臨戦評価は下降でも、地力に勝るリアアメリアやマルターズディオサが、過去のデータに倣って前哨戦好走からの本番も好走か。

とはいえ、ローズSの勝ち馬に限っては、本番も連勝したのは過去10年でもジェンティルドンナだけ。あの偉大なジェンティルでさえ薄氷を踏む勝利だったことを思えば、やはり決していい臨戦ではないのだろう。

 

カギはノーザン産馬

そんなわけで、無理やりリアアメリアの評価を下げたところで、今度はノーザンファーム産馬に注目。

この秋華賞でほぼ馬券になるノーザンファーム産馬は、今年だとリアアメリア以外ではクラヴェル、サンクトゥエール、ホウオウピースフル、ミヤマザクラ、レイパパレ。
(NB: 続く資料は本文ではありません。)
lemma norm_dominated_extend:
  assumes G: "norm_dominated G" and x0: "\<And>a. (x0, a) \<notin> G"
  obtains G' where "norm_dominated G'" "G \<subset> G'"
proof -
  obtain c where c: "\<And>v a \<sigma>. (v, a) \<in> G \<Longrightarrow> \<bar>\<sigma>\<bar> = 1 \<Longrightarrow> a + \<sigma> * c \<le> norm (v + \<sigma> *\<^sub>R x0)"
    using norm_dominated_extension_constant[OF G] by blast
  have le: "a + t * c \<le> norm (v + t *\<^sub>R x0)" if "(v, a) \<in> G" for v a t
  proof (cases "t = 0")
    case True
    then show ?thesis using norm_dominated_le[OF G that] by simp
  next
    case False
    then have "\<bar>t\<bar> > 0" by simp
    have "inverse \<bar>t\<bar> * a + sgn t * c \<le> norm (inverse \<bar>t\<bar> *\<^sub>R v + sgn t *\<^sub>R x0)"
      using c[OF norm_dominated_scale[OF G that]] False by (simp add: abs_sgn)
    then have "\<bar>t\<bar> * (inverse \<bar>t\<bar> * a + sgn t * c) \<le> \<bar>t\<bar> * norm (inverse \<bar>t\<bar> *\<^sub>R v + sgn t *\<^sub>R x0)"
      using \<open>\<bar>t\<bar> > 0\<close> by (simp only: mult_le_cancel_left_pos)
    also have "\<dots> = norm (\<bar>t\<bar> *\<^sub>R (inverse \<bar>t\<bar> *\<^sub>R v + sgn t *\<^sub>R x0))" by simp
    finally show ?thesis
      using False by (simp add: algebra_simps abs_mult_sgn)
  qed
  define G' where "G' = span (insert (x0, c) G)"
  have "subspace G" using G by (simp add: norm_dominated_def)
  have "\<exists>v a t. (v, a) \<in> G \<and> p = (v + t *\<^sub>R x0, a + t * c)" if "p \<in> G'" for p
  proof -
    obtain t where "p - t *\<^sub>R (x0, c) \<in> G"
      using \<open>p \<in> G'\<close> \<open>subspace G\<close> unfolding G'_def span_insert by (auto simp: span_eq_iff[THEN iffD2])
    then have "(fst p - t *\<^sub>R x0, snd p - t * c) \<in> G \<and>
        p = ((fst p - t *\<^sub>R x0) + t *\<^sub>R x0, (snd p - t * c) + t * c)"
      by (cases p) auto
    then show ?thesis by blast
  qed
  then have "norm_dominated G'"
    using le by (fastforce simp: norm_dominated_def G'_def)
  moreover have "G \<subset> G'"
    using x0 span_superset[of "insert (x0, c) G"] unfolding G'_def by blast
  ultimately show ?thesis by (rule that)
qed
この中だと、ノリさんが無理しなさそうなクラヴェル、鞍上未定サンクトゥエール、前走負け過ぎホウオウピースフルはオミットして…

残ったのはミヤマザクラとレイパパレ。

 

というわけで、火曜日時点の注目馬は、ウインマイティー、クラヴァシュドール、ミヤマザクラ、レイパパレの4頭といったところ。もちろんデアリングタクトは別格として。

しかし、まだまだ悩みに悩みそうな秋華賞となりそうだ。